Exploring Mutual Cross-Modal Attention for Context-Aware Human Affordance Generation
Journal:
arXiv
Published Date:
Feb 19, 2025
Abstract
Human affordance learning investigates contextually relevant novel pose
prediction such that the estimated pose represents a valid human action within
the scene. While the task is fundamental to machine perception and automated
interactive navigation agents, the exponentially large number of probable pose
and action variations make the problem challenging and non-trivial. However,
the existing datasets and methods for human affordance prediction in 2D scenes
are significantly limited in the literature.
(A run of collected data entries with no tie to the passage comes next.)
lemma weighted_subst_mult: "weighted_subst c e (p * q) = weighted_subst c e p * weighted_subst c e q"
proof -
  have "p * q = (\<Sum>m\<in>keys p. \<Sum>m'\<in>keys q. single (m + m') (lookup p m * lookup q m'))"
    by (subst (1) mpoly_eq_sum_single[of p], subst (1) mpoly_eq_sum_single[of q])
       (simp add: sum_product mult_single)
  then have "weighted_subst c e (p * q) = (\<Sum>m\<in>keys p. \<Sum>m'\<in>keys q.
      monom (h (lookup p m) * monom_value c m) (monom_weight e m) *
      monom (h (lookup q m') * monom_value c m') (monom_weight e m'))"
    by (simp add: weighted_subst_sum weighted_subst_single hom_mult monom_value_add
        monom_weight_add mult_monom algebra_simps)
  then show ?thesis
    by (simp add: weighted_subst_def sum_product)
qed

lemma weighted_subst_one: "weighted_subst c e 1 = 1"
  using weighted_subst_single[of c e 0 1]
  by (simp add: hom_one one_pCons monom_0 monom_value_def monom_weight_def)

lemma weighted_subst_ring_hom:
  "weighted_subst c e \<in> ring_hom (poly_ring_upto n) ring_of_type_algebra"
  by (rule ring_hom_memI)
     (simp_all add: poly_ring_upto_def ring_of_type_algebra_def
        weighted_subst_mult weighted_subst_add weighted_subst_one)

text \<open>Monomials of distinct weights go to distinct powers of t, so nothing cancels.\<close>
lemma weighted_subst_eq_0_iff:
  assumes "inj_on (monom_weight e) (keys p)" and "\<And>i. i \<in> mvars p \<Longrightarrow> c i \<noteq> 0"
  shows "weighted_subst c e p = 0 \<longleftrightarrow> p = 0"
proof
  assume subst_0: "weighted_subst c e p = 0"
  show "p = 0"
  proof (rule ccontr)
    assume "p \<noteq> 0"
    then obtain m where m: "m \<in> keys p" by fastforce
    have "coeff (weighted_subst c e p) (monom_weight e m) =
        (\<Sum>m'\<in>keys p. if monom_weight e m' = monom_weight e m
                          then h (lookup p m') * monom_value c m' else 0)"
      by (simp add: weighted_subst_def coeff_sum coeff_monom)
    also have "\<dots> = h (lookup p m) * monom_value c m"
      using m inj_onD[OF assms(1) _ _ m]
      by (subst sum.remove[OF finite_keys m]) (auto intro!: sum.neutral split: if_splits)
    moreover have "h (lookup p m) * monom_value c m \<noteq> 0"
    proof -
      have "c i \<noteq> 0" if "i \<in> keys m" for i
        using assms(2) m that by (auto simp: mvars_def)
      then show ?thesis
        using m hom_eq_0 monom_value_nonzero[of m c] by (auto simp: in_keys_iff)
    qed
    ultimately show False using subst_0 by simp
  qed
qed (simp add: weighted_subst_def)

end

section \<open>Separating reduced monomials by weight\<close>

lemma coprime_lincomb_unique:
  fixes A B x y s t :: nat
  assumes "coprime A B" "x < A" "y < A" "A * s + x * B = A * t + y * B"
  shows "x = y \<and> s = t"
proof -
  have "int A * (int t - int s) = (int x - int y) * int B"
    using arg_cong[OF assms(4), of int] by (simp add: algebra_simps)
  then have "int A dvd (int x - int y) * int B"
    by (metis dvd_triv_left)
  then have "int A dvd int x - int y"
    using assms(1) by (simp add: coprime_dvd_mult_left_iff)
  then have "x = y"
    using assms(2,3) dvd_imp_le_int[of "int x - int y" "int A"] by force
  then show ?thesis
    using assms(2,4) by simp
qed

definition chain_weight :: "(nat \<Rightarrow> nat) \<Rightarrow> (nat \<Rightarrow> nat) \<Rightarrow> nat \<Rightarrow> nat \<Rightarrow> nat" where
  "chain_weight a b n i = (\<Prod>j=1..i. b j) * (\<Prod>j=Suc i..n. a j)"
definition ideal :: "('k::field, 'a, 'z) lalg_scheme \<Rightarrow> 'a set \<Rightarrow> bool" where
  "ideal A I \<longleftrightarrow> subspace A I \<and>
     (\<forall>x\<in>lcar A. \<forall>i\<in>I. lbr A x i \<in> I \<and> lbr A i x \<in> I)"

definition ideal_gen :: "('k::field, 'a, 'z) lalg_scheme \<Rightarrow> 'a set \<Rightarrow> 'a set" where
  "ideal_gen A S = lcar A \<inter> \<Inter> {I. ideal A I \<and> S \<inter> lcar A \<subseteq> I}"

definition fin_dim :: "('k::field, 'a, 'z) lalg_scheme \<Rightarrow> bool" where
  "fin_dim A \<longleftrightarrow> (\<exists>S. finite S \<and> S \<subseteq> lcar A \<and> lspan A S = lcar A)"

definition coset :: "('k, 'a, 'z) lalg_scheme \<Rightarrow> 'a set \<Rightarrow> 'a \<Rightarrow> 'a set" where
  "coset A I a = (\<lambda>i. ladd A a i) ` I"

definition qrep :: "('k, 'a, 'z) lalg_scheme \<Rightarrow> 'a set \<Rightarrow> 'a set \<Rightarrow> 'a" where
  "qrep A I X = (SOME a. a \<in> lcar A \<and> X = coset A I a)"

definition quot :: "('k, 'a, 'z) lalg_scheme \<Rightarrow> 'a set \<Rightarrow> ('k, 'a set) lalg" where
  "quot A I = \<lparr> lcar = coset A I ` lcar A,
                lzero = coset A I (lzero A),
                ladd = (\<lambda>X Y. coset A I (ladd A (qrep A I X) (qrep A I Y))),
                lsmult = (\<lambda>c X. coset A I (lsmult A c (qrep A I X))),
                lbr = (\<lambda>X Y. coset A I (lbr A (qrep A I X) (qrep A I Y))) \<rparr>"

definition restr :: "('k, 'a) lalg \<Rightarrow> 'a set \<Rightarrow> ('k, 'a) lalg" where
  "restr A S = A\<lparr>lcar := S\<rparr>"

definition hom :: "('k, 'a) lalg \<Rightarrow> ('k, 'b) lalg \<Rightarrow> ('a \<Rightarrow> 'b) \<Rightarrow> bool" where
  "hom A B h \<longleftrightarrow> h ` lcar A \<subseteq> lcar B \<and>
     (\<forall>x\<in>lcar A. \<forall>y\<in>lcar A. h (ladd A x y) = ladd B (h x) (h y)) \<and>
     (\<forall>c. \<forall>x\<in>lcar A. h (lsmult A c x) = lsmult B c (h x)) \<and>
     (\<forall>x\<in>lcar A. \<forall>y\<in>lcar A. h (lbr A x y) = lbr B (h x) (h y))"

definition iso :: "('k, 'a) lalg \<Rightarrow> ('k, 'b) lalg \<Rightarrow> ('a \<Rightarrow> 'b) \<Rightarrow> bool" where
  "iso A B h \<longleftrightarrow> hom A B h \<and> bij_betw h (lcar A) (lcar B)"

definition isomorphic :: "('k, 'a) lalg \<Rightarrow> ('k, 'b) lalg \<Rightarrow> bool" where
  "isomorphic A B \<longleftrightarrow> (\<exists>h. iso A B h)"

definition kerh :: "('k, 'a) lalg \<Rightarrow> ('k, 'b) lalg \<Rightarrow> ('a \<Rightarrow> 'b) \<Rightarrow> 'a set" where
  "kerh A B h = {x \<in> lcar A. h x = lzero B}"

definition ann :: "('k::field, 'a) lalg \<Rightarrow> 'a set" where
  "ann A = lspan A {lbr A x x | x. x \<in> lcar A}"

definition brLie :: "('k::field, 'a) lalg \<Rightarrow> 'a set \<Rightarrow> 'a set \<Rightarrow> 'a set" where
  "brLie A M N = lspan A {ladd A (lbr A m n) (lbr A n m) | m n. m \<in> M \<and> n \<in> N}"

definition ZLie :: "('k::field, 'a) lalg \<Rightarrow> 'a set" where
  "ZLie A = {z \<in> lcar A. \<forall>x\<in>lcar A. ladd A (lbr A x z) (lbr A z x) = lzero A}"

definition lie_part :: "('k::field, 'a) lalg \<Rightarrow> ('k, 'a set) lalg" where
  "lie_part A = quot A (ann A)"

definition liemap :: "('k::field, 'a) lalg \<Rightarrow> ('k, 'b) lalg \<Rightarrow> ('a \<Rightarrow> 'b) \<Rightarrow> 'a set \<Rightarrow> 'b set" where
  "liemap A B h X = coset B (ann B) (h (qrep A (ann A) X))"

section \<open>Free Leibniz algebras (free magma algebra modulo the Leibniz identities)\<close>

datatype 'x tr = Lf 'x | Nd "'x tr" "'x tr"

text \<open>Free non-associative algebra on X: finitely supported K-combinations of binary trees
  with leaves in X; bracket is grafting.\<close>
definition mag :: "'x set \<Rightarrow> ('k::field, 'x tr \<Rightarrow> 'k) lalg" where
  "mag X = \<lparr> lcar = {f. finite {t. f t \<noteq> 0} \<and> (\<forall>t. f t \<noteq> 0 \<longrightarrow> set_tr t \<subseteq> X)},
             lzero = (\<lambda>t. 0),
             ladd = (\<lambda>f g t. f t + g t),
             lsmult = (\<lambda>c f t. c * f t),
             lbr = (\<lambda>f g t. case t of Lf x \<Rightarrow> 0 | Nd l r \<Rightarrow> f l * g r) \<rparr>"

definition leib_rel :: "'x set \<Rightarrow> ('x tr \<Rightarrow> 'k::field) set" where
  "leib_rel X = {ladd (mag X) (lbr (mag X) a (lbr (mag X) b c))
                   (lsmult (mag X) (-1)
                     (ladd (mag X) (lbr (mag X) (lbr (mag X) a b) c)
                        (lsmult (mag X) (-1) (lbr (mag X) (lbr (mag X) a c) b))))
                 | a b c. a \<in> lcar (mag X) \<and> b \<in> lcar (mag X) \<and> c \<in> lcar (mag X)}"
In this paper, we propose a novel
cross-attention mechanism to encode the scene context for affordance prediction
by mutually attending spatial feature maps from two different modalities. The
proposed method is disentangled among individual subtasks to efficiently reduce
the problem complexity. First, we sample a probable location for a person
within the scene using a variational autoencoder (VAE) conditioned on the
global scene context encoding. Next, we predict a potential pose template from
a set of existing human pose candidates using a classifier on the local context
encoding around the predicted location. In the subsequent steps, we use two
VAEs to sample the scale and deformation parameters for the predicted pose
template by conditioning on the local context and template class. Our
experiments show significant improvements over the previous baseline of human
affordance injection into complex 2D scenes.